ABOUT THIS EXERCISE:
Report every line below that has the string "shows" in it.

══ SUPPLIED MATERIAL ══

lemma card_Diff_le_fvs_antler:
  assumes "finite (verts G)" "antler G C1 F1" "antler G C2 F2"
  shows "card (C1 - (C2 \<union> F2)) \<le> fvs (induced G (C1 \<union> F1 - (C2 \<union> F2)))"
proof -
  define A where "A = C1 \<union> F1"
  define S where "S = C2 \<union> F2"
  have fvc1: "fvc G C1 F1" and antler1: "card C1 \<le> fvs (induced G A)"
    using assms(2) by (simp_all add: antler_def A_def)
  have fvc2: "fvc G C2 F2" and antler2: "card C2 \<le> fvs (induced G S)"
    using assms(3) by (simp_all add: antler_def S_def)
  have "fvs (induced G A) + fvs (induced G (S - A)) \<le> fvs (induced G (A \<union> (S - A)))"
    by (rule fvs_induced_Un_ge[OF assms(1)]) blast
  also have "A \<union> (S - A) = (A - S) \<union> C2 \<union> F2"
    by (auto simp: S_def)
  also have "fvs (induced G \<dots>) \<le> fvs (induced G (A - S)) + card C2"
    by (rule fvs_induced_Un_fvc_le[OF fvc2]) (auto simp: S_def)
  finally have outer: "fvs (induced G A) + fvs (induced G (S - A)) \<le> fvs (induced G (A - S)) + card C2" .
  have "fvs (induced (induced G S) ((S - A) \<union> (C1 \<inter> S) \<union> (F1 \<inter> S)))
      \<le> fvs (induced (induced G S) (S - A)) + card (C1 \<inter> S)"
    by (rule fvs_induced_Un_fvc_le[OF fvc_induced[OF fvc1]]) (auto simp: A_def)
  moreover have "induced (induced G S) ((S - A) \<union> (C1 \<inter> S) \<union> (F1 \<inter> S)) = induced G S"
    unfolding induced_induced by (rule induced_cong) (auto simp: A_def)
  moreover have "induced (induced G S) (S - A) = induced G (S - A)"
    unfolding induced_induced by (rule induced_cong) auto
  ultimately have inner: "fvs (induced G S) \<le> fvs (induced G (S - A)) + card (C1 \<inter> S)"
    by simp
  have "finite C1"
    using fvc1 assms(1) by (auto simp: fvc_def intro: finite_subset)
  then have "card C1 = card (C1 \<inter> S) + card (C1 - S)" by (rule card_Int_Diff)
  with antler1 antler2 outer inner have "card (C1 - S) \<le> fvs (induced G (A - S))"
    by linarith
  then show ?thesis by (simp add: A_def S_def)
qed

═══
══ SUPPLIED MATERIAL ══

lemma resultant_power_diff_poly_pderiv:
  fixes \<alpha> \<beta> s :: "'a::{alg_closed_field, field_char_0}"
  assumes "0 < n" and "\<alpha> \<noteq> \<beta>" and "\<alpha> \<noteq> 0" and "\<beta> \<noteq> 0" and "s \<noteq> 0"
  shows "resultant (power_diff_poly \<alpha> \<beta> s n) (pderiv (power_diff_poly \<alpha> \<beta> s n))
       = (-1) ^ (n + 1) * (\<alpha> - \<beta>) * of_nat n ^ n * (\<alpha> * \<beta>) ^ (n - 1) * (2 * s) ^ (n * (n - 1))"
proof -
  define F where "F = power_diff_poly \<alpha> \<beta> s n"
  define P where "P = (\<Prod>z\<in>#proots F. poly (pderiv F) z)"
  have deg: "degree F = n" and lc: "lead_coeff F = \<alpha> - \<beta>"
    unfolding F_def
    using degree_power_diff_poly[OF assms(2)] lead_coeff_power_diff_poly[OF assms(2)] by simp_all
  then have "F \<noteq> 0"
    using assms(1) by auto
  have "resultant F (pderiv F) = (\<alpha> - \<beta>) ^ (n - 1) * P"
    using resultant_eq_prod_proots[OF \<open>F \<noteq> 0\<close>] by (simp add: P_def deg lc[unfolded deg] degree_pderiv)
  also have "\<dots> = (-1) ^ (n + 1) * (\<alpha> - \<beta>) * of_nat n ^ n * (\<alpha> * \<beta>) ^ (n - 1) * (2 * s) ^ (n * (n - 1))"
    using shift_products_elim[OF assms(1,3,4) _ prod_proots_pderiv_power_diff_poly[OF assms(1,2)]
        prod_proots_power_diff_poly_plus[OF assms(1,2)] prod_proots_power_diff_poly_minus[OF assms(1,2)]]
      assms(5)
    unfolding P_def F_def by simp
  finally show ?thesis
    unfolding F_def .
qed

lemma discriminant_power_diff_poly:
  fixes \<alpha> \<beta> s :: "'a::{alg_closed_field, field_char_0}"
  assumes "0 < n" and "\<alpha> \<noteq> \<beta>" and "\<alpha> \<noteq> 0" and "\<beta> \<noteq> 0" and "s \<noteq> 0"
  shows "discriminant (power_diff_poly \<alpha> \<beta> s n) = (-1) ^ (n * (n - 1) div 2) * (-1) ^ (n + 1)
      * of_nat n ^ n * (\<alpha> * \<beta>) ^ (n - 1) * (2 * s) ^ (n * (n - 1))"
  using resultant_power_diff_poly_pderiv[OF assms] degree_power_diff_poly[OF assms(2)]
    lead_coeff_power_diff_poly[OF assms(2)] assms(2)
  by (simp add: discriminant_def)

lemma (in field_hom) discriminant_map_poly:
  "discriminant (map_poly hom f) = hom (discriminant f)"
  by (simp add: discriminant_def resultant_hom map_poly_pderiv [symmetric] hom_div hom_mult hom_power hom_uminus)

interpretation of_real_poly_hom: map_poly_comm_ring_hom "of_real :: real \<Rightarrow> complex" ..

═══

ANSWER BOX:
  shows "card (C1 - (C2 \<union> F2)) \<le> fvs (induced G (C1 \<union> F1 - (C2 \<union> F2)))"
  shows "resultant (power_diff_poly \<alpha> \<beta> s n) (pderiv (power_diff_poly \<alpha> \<beta> s n))
  shows "discriminant (power_diff_poly \<alpha> \<beta> s n) = (-1) ^ (n * (n - 1) div 2) * (-1) ^ (n + 1)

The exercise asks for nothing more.